§ Task prompt:
Please return exactly the lines from the one containing "using submod unfolding" through the end of the records, including both.

§ Collected data entries:
lemma maximizersI:
  "S \<subseteq> {0..<m} \<Longrightarrow> (\<And>S'. S' \<subseteq> {0..<m} \<Longrightarrow> util b chi i S' \<le> util b chi i S)
   \<Longrightarrow> S \<in> maximizers m b chi i"
  unfolding maximizers_def by auto

lemma maximizers_nonempty: "maximizers m b chi i \<noteq> {}"
proof -
  let ?U = "util b chi i ` Pow {0..<m}"
  have U: "finite ?U" "?U \<noteq> {}" by auto
  have "Max ?U \<in> ?U" using U by (rule Max_in)
  then obtain S where S: "S \<subseteq> {0..<m}" "util b chi i S = Max ?U"
    by (metis PowD imageE)
  have "util b chi i S' \<le> util b chi i S" if "S' \<subseteq> {0..<m}" for S'
    unfolding S(2) using that by (intro Max_ge[OF U(1)]) simp
  then have "S \<in> maximizers m b chi i" by (rule maximizersI[OF S(1)])
  then show ?thesis by blast
qed

lemma demand_card_attained:
  obtains D where "D \<in> maximizers m b chi i" "card D = demand_card m b chi i"
proof -
  have "demand_card m b chi i \<in> card ` maximizers m b chi i"
    unfolding demand_card_def
    using maximizers_nonempty maximizers_finite by (intro Max_in) auto
  then show ?thesis using that by auto
qed

lemma demand_card_ge: "S \<in> maximizers m b chi i \<Longrightarrow> card S \<le> demand_card m b chi i"
  unfolding demand_card_def using maximizers_finite by (intro Max_ge) auto

lemma demand_card_le: "demand_card m b chi i \<le> m"
proof -
  obtain D where D: "D \<in> maximizers m b chi i" "card D = demand_card m b chi i"
    by (rule demand_card_attained)
  then have "D \<subseteq> {0..<m}" by (simp add: maximizers_subset)
  then show ?thesis using card_mono[OF finite_atLeastLessThan, of D 0 m] D(2) by simp
qed

lemma card_demand: "card (demand m b chi i) = demand_card m b chi i"
  by (simp add: demand_eq_cheapest_items card_cheapest_items demand_card_le)

lemma util_le_util_cheapest_items:
  assumes "symmetric_on {0..<m} (b i)" "S \<subseteq> {0..<m}"
  shows "util b chi i S \<le> util b chi i (cheapest_items m chi (card S))"
proof -
  have "card S \<le> m"
    using card_mono[OF finite_atLeastLessThan assms(2)] by simp
  then have "card (cheapest_items m chi (card S)) = card S"
    by (rule card_cheapest_items)
  then have "b i (cheapest_items m chi (card S)) = b i S"
    using assms(1)[unfolded symmetric_on_def, rule_format, OF conjI[OF cheapest_items_subset
        conjI[OF assms(2)]]] by blast
  then show ?thesis using sum_cheapest_items_le[OF assms(2)] unfolding util_def by simp
qed

lemma demand_in_maximizers:
  assumes "symmetric_on {0..<m} (b i)"
  shows "demand m b chi i \<in> maximizers m b chi i"
proof -
  obtain D where D: "D \<in> maximizers m b chi i" "card D = demand_card m b chi i"
    by (rule demand_card_attained)
  have "util b chi i S \<le> util b chi i (demand m b chi i)" if "S \<subseteq> {0..<m}" for S
  proof -
    have "util b chi i S \<le> util b chi i D"
      using maximizers_optimal[OF D(1) that] .
    also have "\<dots> \<le> util b chi i (demand m b chi i)"
      using util_le_util_cheapest_items[where b=b and i=i, OF assms maximizers_subset[OF D(1)]] D(2)
      by (simp add: demand_eq_cheapest_items)
    finally show ?thesis .
  qed
  then show ?thesis
    using cheapest_items_subset by (intro maximizersI) (simp_all add: demand_eq_cheapest_items)
qed

text \<open>The gain from adding the next cheapest item e to a shorter prefix dominates, by
  submodularity, the gain from adding e to the demanded prefix minus e, and the latter is at
  least the price of e because the demanded prefix is optimal.\<close>
lemma util_cheapest_items_Suc_ge:
  assumes sym: "symmetric_on {0..<m} (b i)" and submod: "submodular_on {0..<m} (b i)"
    and k: "k < demand_card m b chi i"
  shows "util b chi i (cheapest_items m chi k) \<le> util b chi i (cheapest_items m chi (Suc k))"
proof -
  let ?P = "cheapest_items m chi" and ?K = "demand_card m b chi i"
  have "k \<in> price_rank m chi ` {0..<m}"
    using price_rank_image[of m chi] k demand_card_le[of m b chi i] by simp
  then obtain e where e: "e < m" "price_rank m chi e = k" by auto
  have eK: "e \<in> ?P ?K" and eP: "e \<notin> ?P k"
    using e k unfolding cheapest_items_def by auto
  have "?P k \<subseteq> ?P ?K - {e}"
    using eP k unfolding cheapest_items_def by auto
  moreover have "?P ?K - {e} \<subseteq> {0..<m}" "e \<in> {0..<m} - (?P ?K - {e})"
    using cheapest_items_subset e(1) by auto
  ultimately have "b i (insert e (?P ?K - {e})) - b i (?P ?K - {e})
      \<le> b i (insert e (?P k)) - b i (?P k)"
    using submod unfolding submodular_on_def by blast
  moreover have "insert e (?P ?K - {e}) = ?P ?K" using eK by blast
  moreover have "util b chi i (?P ?K - {e}) \<le> util b chi i (?P ?K)"
    using maximizers_optimal[OF demand_in_maximizers[where b=b and i=i, OF sym], of "?P ?K - {e}"]
      \<open>?P ?K - {e} \<subseteq> {0..<m}\<close> by (simp add: demand_eq_cheapest_items)
  moreover have "finite (?P j)" for j
    using finite_subset[OF cheapest_items_subset] by simp
  then have "sum chi (?P ?K) = chi e + sum chi (?P ?K - {e})"
    "sum chi (insert e (?P k)) = chi e + sum chi (?P k)"
    using sum.remove[OF _ eK] sum.insert[OF _ eP] by simp_all
  ultimately show ?thesis
    unfolding util_def cheapest_items_Suc[OF e] by simp
qed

§ Solution to this problem:
    using submod unfolding submodular_on_def by blast
  moreover have "insert e (?P ?K - {e}) = ?P ?K" using eK by blast
  moreover have "util b chi i (?P ?K - {e}) \<le> util b chi i (?P ?K)"
    using maximizers_optimal[OF demand_in_maximizers[where b=b and i=i, OF sym], of "?P ?K - {e}"]
      \<open>?P ?K - {e} \<subseteq> {0..<m}\<close> by (simp add: demand_eq_cheapest_items)
  moreover have "finite (?P j)" for j
    using finite_subset[OF cheapest_items_subset] by simp
  then have "sum chi (?P ?K) = chi e + sum chi (?P ?K - {e})"
    "sum chi (insert e (?P k)) = chi e + sum chi (?P k)"
    using sum.remove[OF _ eK] sum.insert[OF _ eP] by simp_all
  ultimately show ?thesis
    unfolding util_def cheapest_items_Suc[OF e] by simp
qed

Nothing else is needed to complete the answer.